Stored items

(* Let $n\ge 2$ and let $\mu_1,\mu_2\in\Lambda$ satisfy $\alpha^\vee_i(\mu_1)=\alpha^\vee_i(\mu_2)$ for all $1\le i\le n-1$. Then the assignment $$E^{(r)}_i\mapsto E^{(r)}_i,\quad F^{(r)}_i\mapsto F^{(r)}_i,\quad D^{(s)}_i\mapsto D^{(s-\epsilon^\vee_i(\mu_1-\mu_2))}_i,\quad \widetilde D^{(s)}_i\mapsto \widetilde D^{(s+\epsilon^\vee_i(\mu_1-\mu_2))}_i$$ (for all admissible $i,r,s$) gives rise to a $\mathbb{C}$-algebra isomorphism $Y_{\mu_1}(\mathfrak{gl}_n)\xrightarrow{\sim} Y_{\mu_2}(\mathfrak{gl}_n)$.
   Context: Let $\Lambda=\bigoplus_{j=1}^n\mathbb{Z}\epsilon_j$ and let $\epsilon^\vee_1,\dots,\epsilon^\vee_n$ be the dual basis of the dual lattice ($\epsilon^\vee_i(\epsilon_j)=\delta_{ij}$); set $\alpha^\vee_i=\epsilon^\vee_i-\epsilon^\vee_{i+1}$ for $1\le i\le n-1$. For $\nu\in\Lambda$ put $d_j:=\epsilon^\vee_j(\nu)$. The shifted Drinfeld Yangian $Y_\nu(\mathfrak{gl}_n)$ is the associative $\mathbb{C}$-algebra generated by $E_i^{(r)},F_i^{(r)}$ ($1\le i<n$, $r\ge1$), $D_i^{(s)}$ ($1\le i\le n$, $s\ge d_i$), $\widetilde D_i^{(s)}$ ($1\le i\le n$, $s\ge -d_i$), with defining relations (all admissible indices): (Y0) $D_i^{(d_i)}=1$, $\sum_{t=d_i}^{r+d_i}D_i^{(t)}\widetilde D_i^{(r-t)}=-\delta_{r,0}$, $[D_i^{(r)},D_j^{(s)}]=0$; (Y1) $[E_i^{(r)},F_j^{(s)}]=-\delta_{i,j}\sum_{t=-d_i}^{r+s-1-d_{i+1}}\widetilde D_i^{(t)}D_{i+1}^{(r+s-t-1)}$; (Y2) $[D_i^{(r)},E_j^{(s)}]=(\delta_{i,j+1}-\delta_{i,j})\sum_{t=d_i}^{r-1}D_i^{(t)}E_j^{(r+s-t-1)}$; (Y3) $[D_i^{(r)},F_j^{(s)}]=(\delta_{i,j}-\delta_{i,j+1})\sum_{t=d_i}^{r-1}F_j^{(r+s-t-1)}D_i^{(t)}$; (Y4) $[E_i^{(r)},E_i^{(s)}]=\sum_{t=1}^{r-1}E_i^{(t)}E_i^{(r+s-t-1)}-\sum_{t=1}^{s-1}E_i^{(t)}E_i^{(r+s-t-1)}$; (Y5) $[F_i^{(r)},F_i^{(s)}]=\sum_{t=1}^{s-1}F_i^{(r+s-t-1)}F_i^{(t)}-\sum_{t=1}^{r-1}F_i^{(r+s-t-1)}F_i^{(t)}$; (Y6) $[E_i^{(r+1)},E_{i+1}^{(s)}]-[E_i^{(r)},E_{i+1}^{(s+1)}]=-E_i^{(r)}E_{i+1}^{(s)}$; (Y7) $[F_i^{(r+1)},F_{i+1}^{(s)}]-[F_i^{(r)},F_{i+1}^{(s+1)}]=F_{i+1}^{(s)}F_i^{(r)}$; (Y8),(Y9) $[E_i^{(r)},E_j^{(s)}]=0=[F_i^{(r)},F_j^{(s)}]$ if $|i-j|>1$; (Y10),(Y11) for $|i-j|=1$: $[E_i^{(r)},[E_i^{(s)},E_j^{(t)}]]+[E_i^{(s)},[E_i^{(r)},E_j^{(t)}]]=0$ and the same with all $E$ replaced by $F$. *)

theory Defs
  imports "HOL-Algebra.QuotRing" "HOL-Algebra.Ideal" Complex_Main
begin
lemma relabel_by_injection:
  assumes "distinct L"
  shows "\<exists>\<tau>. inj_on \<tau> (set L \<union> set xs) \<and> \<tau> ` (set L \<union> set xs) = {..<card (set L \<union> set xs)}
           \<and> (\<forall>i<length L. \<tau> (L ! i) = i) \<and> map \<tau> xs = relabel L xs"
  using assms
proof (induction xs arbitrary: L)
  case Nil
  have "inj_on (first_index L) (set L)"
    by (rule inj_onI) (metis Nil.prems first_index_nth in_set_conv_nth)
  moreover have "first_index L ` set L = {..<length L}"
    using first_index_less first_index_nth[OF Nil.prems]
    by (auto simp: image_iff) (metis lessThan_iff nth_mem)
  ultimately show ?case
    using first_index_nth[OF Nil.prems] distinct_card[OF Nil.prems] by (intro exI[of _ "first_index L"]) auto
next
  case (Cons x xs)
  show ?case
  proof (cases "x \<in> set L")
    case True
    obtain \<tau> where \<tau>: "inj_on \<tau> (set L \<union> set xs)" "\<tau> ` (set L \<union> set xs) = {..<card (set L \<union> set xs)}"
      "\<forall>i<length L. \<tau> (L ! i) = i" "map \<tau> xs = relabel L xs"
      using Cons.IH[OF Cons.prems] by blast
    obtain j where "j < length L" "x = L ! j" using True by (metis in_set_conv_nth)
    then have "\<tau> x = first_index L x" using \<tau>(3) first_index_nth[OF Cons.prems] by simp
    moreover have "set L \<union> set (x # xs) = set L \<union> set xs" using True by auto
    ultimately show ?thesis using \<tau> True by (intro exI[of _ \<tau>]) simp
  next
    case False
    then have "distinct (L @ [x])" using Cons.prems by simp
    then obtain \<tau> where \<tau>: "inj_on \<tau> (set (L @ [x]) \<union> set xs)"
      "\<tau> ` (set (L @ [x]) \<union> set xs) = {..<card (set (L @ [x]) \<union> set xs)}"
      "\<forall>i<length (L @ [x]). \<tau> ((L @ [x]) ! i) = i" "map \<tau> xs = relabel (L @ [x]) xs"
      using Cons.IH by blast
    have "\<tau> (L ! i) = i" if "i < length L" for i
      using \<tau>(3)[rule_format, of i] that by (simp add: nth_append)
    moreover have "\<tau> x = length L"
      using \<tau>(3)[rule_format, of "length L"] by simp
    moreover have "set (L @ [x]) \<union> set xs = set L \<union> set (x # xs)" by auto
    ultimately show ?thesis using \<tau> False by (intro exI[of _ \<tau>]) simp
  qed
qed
---
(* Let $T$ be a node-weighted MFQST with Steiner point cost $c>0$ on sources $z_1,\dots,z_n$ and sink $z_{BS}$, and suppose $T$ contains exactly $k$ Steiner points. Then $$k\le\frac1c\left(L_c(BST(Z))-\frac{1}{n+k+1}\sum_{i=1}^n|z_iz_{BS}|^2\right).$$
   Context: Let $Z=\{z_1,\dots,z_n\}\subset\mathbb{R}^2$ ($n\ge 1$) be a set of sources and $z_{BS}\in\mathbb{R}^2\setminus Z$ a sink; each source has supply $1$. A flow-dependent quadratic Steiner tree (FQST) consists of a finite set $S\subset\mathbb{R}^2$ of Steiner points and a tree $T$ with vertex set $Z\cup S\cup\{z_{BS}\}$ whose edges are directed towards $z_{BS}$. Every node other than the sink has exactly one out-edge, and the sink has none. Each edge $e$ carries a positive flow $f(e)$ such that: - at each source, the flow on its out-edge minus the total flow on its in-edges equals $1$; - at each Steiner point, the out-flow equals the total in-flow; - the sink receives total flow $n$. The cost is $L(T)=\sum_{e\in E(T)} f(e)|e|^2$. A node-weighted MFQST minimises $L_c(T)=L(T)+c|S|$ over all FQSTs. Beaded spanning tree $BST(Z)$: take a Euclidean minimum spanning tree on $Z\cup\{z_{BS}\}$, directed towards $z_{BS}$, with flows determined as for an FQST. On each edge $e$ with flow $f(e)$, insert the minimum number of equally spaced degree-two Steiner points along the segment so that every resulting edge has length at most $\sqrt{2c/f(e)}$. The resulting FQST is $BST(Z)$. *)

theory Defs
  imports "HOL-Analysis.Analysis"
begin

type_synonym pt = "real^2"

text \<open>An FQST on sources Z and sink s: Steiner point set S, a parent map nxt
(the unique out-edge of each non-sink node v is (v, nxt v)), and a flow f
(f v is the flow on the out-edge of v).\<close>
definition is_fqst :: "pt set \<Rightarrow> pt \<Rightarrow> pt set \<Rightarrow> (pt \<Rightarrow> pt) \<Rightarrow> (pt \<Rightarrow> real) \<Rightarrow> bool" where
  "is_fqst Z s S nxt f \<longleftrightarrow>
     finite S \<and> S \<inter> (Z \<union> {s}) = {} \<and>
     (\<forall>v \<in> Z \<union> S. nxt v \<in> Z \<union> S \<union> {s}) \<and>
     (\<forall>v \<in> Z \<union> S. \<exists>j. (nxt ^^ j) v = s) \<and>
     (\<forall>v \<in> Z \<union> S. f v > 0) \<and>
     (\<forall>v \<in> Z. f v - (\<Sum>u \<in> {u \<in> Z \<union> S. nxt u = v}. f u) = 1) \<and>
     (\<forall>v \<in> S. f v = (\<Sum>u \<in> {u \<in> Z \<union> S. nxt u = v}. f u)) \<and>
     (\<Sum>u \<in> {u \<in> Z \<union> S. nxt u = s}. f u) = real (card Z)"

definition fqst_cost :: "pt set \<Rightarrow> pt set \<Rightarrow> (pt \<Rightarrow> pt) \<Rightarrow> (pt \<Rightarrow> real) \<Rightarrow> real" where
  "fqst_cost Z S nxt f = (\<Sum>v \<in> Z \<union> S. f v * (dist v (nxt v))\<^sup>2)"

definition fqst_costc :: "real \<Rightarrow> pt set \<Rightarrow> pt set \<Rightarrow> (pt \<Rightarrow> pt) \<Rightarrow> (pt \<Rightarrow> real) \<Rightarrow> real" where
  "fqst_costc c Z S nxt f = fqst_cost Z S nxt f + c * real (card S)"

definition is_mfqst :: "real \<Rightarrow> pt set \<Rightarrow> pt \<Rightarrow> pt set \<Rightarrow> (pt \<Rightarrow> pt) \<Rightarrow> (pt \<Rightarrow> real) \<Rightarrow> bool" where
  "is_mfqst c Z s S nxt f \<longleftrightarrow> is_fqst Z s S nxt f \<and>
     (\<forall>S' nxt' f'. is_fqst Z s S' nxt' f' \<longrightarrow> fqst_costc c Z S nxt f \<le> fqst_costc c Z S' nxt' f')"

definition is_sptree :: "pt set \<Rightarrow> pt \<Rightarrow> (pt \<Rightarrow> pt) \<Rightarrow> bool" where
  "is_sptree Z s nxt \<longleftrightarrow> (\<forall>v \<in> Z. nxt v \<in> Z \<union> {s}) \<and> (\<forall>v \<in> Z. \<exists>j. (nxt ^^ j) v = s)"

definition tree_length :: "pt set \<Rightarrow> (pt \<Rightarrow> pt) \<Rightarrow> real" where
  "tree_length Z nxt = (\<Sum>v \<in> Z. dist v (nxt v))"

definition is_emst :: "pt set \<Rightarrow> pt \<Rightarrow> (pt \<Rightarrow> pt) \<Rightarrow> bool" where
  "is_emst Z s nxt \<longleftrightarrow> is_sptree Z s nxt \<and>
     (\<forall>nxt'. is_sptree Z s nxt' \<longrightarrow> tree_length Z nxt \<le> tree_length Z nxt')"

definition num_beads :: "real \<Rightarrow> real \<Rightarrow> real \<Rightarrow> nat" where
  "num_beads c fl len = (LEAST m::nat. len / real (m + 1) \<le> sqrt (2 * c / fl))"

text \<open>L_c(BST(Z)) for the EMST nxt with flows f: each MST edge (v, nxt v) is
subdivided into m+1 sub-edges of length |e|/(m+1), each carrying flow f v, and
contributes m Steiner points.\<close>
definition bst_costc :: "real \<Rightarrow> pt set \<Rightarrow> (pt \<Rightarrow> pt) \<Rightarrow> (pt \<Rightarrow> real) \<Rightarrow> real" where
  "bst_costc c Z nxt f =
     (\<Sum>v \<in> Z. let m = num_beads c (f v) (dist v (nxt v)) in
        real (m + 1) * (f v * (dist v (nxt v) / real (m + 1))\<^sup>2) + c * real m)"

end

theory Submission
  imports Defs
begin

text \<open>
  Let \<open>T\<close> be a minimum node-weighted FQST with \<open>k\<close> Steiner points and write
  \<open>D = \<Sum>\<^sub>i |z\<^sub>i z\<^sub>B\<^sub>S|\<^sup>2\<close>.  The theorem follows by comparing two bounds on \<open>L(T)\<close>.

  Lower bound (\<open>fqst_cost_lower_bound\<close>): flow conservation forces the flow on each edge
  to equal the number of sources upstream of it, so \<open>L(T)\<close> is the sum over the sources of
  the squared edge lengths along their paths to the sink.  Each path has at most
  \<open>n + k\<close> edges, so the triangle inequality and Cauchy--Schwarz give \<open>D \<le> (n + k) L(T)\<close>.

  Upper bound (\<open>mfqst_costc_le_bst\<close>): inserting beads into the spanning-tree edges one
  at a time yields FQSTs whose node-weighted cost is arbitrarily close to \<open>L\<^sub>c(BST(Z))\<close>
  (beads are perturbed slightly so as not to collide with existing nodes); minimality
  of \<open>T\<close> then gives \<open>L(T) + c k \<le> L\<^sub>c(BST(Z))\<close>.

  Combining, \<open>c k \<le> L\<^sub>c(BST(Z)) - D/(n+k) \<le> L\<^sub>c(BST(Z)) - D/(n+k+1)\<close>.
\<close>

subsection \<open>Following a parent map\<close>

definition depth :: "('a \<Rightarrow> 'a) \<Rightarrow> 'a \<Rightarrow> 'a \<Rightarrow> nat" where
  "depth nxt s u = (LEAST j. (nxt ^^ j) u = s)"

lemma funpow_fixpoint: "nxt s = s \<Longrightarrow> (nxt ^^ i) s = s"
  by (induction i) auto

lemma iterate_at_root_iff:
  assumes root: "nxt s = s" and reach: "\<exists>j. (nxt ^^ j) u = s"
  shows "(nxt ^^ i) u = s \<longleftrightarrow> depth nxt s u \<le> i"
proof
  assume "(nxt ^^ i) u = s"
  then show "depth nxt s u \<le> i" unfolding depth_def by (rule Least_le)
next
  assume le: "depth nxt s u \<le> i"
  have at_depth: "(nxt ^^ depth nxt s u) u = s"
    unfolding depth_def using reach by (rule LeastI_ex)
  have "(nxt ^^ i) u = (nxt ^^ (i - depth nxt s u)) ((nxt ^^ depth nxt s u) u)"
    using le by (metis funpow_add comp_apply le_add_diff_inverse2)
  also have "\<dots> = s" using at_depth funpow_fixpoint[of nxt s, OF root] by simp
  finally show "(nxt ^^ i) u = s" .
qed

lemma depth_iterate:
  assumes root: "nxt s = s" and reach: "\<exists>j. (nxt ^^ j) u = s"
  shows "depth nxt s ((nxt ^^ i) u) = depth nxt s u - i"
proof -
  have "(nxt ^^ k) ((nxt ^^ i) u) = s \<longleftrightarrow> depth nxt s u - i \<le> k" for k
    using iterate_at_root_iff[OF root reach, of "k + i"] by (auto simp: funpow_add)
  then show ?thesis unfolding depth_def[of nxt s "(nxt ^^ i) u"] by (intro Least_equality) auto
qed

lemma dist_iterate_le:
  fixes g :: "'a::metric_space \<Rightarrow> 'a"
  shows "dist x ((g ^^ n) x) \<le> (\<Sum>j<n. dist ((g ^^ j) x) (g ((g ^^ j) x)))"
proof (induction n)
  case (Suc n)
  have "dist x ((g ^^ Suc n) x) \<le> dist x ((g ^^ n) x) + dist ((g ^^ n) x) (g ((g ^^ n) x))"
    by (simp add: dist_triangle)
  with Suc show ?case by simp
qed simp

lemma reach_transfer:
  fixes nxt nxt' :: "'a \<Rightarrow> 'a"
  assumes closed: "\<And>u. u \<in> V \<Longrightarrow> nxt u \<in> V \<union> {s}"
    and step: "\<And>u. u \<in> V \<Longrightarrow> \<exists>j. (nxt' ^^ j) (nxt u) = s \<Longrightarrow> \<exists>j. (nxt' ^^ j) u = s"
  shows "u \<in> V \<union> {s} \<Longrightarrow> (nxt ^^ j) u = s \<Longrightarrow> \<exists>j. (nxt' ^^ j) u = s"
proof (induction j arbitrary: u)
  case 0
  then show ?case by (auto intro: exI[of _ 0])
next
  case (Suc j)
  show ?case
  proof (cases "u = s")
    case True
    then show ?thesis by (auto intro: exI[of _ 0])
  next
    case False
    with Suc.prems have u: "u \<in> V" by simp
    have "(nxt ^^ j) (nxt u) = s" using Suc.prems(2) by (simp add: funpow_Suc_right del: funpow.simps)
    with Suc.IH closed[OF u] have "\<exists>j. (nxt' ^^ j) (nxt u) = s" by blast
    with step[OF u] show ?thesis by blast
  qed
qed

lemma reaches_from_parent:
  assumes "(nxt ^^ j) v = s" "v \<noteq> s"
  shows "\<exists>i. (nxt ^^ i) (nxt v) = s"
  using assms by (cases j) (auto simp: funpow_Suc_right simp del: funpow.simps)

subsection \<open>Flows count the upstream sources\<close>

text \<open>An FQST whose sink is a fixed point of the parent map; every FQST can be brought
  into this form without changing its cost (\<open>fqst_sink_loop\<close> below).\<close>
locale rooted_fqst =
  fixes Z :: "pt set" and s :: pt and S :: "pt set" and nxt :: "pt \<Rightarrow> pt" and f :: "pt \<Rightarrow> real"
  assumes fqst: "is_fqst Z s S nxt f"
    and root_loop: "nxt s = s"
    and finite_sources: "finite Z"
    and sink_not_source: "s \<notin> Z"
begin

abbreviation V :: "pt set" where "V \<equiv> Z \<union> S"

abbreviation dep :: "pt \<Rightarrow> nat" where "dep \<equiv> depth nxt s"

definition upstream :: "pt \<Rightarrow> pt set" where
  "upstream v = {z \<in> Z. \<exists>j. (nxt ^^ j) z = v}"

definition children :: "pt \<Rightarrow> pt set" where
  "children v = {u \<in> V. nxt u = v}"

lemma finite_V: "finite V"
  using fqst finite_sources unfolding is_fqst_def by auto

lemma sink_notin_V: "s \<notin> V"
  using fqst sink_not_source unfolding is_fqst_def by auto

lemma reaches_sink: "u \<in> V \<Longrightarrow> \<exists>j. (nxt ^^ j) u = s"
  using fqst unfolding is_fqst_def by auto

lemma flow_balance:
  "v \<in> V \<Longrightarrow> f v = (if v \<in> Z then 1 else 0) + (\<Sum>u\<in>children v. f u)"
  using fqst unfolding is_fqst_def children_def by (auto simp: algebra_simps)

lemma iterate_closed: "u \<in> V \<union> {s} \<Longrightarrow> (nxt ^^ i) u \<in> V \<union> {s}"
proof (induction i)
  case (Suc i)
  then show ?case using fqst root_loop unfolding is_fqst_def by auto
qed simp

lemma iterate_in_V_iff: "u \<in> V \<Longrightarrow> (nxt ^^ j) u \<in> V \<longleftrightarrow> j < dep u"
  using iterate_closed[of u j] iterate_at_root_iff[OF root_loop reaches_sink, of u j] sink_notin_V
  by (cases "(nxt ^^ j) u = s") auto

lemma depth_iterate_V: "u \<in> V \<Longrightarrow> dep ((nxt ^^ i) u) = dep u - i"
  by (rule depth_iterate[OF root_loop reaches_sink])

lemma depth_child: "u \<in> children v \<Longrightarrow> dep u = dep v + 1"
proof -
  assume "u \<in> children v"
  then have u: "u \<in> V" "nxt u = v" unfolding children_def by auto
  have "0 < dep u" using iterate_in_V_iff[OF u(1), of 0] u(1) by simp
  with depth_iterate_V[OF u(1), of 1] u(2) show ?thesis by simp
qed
==
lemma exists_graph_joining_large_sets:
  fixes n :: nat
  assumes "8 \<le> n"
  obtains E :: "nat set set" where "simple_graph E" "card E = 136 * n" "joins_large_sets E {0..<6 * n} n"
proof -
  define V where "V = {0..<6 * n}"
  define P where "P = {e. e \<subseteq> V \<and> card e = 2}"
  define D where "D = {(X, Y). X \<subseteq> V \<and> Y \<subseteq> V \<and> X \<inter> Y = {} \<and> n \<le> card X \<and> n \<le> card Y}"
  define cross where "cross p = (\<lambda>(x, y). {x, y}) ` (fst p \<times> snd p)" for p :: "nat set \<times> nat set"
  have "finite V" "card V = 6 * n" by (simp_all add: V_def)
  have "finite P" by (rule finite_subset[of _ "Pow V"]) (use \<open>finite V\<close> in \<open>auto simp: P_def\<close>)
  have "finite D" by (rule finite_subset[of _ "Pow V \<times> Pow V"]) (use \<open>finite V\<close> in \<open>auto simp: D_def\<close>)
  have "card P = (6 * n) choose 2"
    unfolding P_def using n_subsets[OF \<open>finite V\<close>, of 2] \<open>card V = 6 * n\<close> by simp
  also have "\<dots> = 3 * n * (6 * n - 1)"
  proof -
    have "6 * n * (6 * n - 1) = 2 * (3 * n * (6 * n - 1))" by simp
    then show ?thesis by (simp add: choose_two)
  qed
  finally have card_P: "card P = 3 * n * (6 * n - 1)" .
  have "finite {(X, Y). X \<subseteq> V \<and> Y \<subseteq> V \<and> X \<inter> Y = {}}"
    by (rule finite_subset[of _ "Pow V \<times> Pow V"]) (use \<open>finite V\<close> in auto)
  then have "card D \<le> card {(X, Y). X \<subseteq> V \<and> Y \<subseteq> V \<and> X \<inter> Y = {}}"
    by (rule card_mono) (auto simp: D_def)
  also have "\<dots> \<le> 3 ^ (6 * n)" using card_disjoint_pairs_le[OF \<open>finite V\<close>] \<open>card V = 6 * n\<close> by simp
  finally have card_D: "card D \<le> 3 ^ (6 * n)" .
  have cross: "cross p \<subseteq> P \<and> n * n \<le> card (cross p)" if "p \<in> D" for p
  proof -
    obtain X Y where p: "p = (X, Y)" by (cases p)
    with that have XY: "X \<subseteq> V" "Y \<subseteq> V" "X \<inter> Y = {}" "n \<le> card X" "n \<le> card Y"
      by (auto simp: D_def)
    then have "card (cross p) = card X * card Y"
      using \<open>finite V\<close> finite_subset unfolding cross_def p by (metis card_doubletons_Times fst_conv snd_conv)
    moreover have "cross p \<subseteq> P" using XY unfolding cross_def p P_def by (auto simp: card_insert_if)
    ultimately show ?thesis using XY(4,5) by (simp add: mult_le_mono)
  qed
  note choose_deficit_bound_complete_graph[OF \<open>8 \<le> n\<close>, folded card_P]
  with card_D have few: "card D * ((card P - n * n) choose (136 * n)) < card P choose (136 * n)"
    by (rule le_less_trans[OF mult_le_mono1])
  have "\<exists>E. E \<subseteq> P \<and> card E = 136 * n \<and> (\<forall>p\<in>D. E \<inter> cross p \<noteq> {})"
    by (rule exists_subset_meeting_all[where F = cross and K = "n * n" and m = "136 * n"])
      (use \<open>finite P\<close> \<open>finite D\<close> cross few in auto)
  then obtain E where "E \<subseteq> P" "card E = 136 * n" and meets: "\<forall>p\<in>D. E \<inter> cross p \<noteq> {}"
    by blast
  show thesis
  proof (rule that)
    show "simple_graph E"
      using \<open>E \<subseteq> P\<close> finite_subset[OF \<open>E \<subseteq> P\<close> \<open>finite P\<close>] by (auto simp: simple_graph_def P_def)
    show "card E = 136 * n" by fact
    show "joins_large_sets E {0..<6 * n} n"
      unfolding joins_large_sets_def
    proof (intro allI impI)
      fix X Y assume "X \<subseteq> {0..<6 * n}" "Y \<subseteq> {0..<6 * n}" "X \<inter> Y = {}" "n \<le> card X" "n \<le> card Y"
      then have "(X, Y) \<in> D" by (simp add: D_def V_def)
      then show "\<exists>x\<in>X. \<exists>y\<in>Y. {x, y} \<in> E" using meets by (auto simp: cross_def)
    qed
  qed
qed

#### Problem to work on
Copy, exactly and only, the lines above that begin with the one containing "with that have" and finish with the one containing "using \<open>finite V\<close>".

#### Task response
    with that have XY: "X \<subseteq> V" "Y \<subseteq> V" "X \<inter> Y = {}" "n \<le> card X" "n \<le> card Y"
      by (auto simp: D_def)
    then have "card (cross p) = card X * card Y"
      using \<open>finite V\<close> finite_subset unfolding cross_def p by (metis card_doubletons_Times fst_conv snd_conv)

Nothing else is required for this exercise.